Problem description:
Give back exactly the lines spanning from the one containing "S1 \<pi> \<in>" to the final line of the records below, and no others.

Task data:
lemma excess_eq_value_gain:
  assumes "\<And>i. S0 i \<noteq> 0"
  shows "excess r S0 S1 \<pi> \<omega> = terminal_value r S1 \<theta>0 (\<lambda>i. \<pi> i / S0 i) \<omega>
    - (1 + r) * initial_value S0 \<theta>0 (\<lambda>i. \<pi> i / S0 i)"
proof -
  have "\<pi> i * (ret S0 S1 i \<omega> - r) = \<pi> i / S0 i * S1 i \<omega> - (1 + r) * (\<pi> i / S0 i * S0 i)" for i
    using assms[of i] unfolding ret_def by (simp add: field_simps)
  then have "excess r S0 S1 \<pi> \<omega>
      = (\<Sum>i\<in>UNIV. \<pi> i / S0 i * S1 i \<omega>) - (1 + r) * (\<Sum>i\<in>UNIV. \<pi> i / S0 i * S0 i)"
    unfolding excess_def by (simp add: sum_subtractf sum_distrib_left)
  then show ?thesis by (simp add: algebra_simps)
qed

locale one_period_market = prob_space M
  for M :: "'a measure" +
  fixes r :: real and S0 :: "'d::finite \<Rightarrow> real" and S1 :: "'d \<Rightarrow> 'a \<Rightarrow> real"
  assumes rate_gt_minus_one: "r > -1"
    and initial_prices_pos: "S0 i > 0"
    and terminal_prices_measurable [measurable]: "S1 i \<in> borel_measurable M"
    and returns_integrable: "integrable M (ret S0 S1 i)"
begin

lemma excess_measurable [measurable]: "excess r S0 S1 \<pi> \<in> borel_measurable M"
  unfolding excess_def ret_def by measurable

Solution for this task:
lemma excess_measurable [measurable]: "excess r S0 S1 \<pi> \<in> borel_measurable M"
  unfolding excess_def ret_def by measurable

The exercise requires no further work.